▸ **Assignment**
Using the records below, transcribe word for word the stretch from the line that contains "unfolding diffset_def nbhd_def by blast" through the line that contains "using assms unfolding", both end lines included, and nothing else.

▸ **Dataset entries**
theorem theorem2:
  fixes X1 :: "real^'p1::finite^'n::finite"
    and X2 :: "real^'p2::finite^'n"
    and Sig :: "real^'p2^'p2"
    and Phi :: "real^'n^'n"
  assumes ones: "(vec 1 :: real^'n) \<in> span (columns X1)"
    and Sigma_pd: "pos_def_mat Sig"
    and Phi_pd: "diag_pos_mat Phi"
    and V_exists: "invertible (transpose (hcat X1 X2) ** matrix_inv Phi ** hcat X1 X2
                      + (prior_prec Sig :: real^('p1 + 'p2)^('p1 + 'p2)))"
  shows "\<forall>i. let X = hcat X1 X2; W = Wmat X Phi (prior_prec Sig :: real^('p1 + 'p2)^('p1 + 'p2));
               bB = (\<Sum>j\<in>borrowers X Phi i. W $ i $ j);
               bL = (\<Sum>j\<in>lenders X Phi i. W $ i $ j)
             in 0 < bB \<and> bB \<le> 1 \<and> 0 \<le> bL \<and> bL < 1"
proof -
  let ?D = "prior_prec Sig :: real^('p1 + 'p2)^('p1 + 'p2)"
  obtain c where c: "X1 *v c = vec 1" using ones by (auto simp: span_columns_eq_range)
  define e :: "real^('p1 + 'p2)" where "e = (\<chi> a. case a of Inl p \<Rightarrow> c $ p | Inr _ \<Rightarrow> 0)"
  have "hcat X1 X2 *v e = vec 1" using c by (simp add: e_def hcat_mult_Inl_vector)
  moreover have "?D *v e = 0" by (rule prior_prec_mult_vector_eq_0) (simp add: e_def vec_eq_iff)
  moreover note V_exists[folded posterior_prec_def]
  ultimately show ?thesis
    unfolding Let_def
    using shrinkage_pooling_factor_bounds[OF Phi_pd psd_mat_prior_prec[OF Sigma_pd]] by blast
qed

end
...
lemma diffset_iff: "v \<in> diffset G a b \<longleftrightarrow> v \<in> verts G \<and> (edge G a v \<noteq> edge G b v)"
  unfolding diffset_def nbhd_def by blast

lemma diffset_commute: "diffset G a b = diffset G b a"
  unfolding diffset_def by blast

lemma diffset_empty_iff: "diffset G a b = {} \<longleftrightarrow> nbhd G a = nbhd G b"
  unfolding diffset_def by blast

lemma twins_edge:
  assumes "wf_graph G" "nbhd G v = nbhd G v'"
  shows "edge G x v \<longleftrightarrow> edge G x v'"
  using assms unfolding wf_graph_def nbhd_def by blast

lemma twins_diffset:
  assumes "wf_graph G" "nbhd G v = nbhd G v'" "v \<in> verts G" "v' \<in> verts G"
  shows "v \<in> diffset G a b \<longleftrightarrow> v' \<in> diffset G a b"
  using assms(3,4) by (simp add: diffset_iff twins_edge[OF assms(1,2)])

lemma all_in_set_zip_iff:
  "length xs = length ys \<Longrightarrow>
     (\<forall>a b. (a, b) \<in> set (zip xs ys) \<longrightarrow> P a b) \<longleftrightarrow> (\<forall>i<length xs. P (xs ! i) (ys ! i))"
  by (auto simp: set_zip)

▸ **Response box**
  unfolding diffset_def nbhd_def by blast

lemma diffset_commute: "diffset G a b = diffset G b a"
  unfolding diffset_def by blast

lemma diffset_empty_iff: "diffset G a b = {} \<longleftrightarrow> nbhd G a = nbhd G b"
  unfolding diffset_def by blast

lemma twins_edge:
  assumes "wf_graph G" "nbhd G v = nbhd G v'"
  shows "edge G x v \<longleftrightarrow> edge G x v'"
  using assms unfolding wf_graph_def nbhd_def by blast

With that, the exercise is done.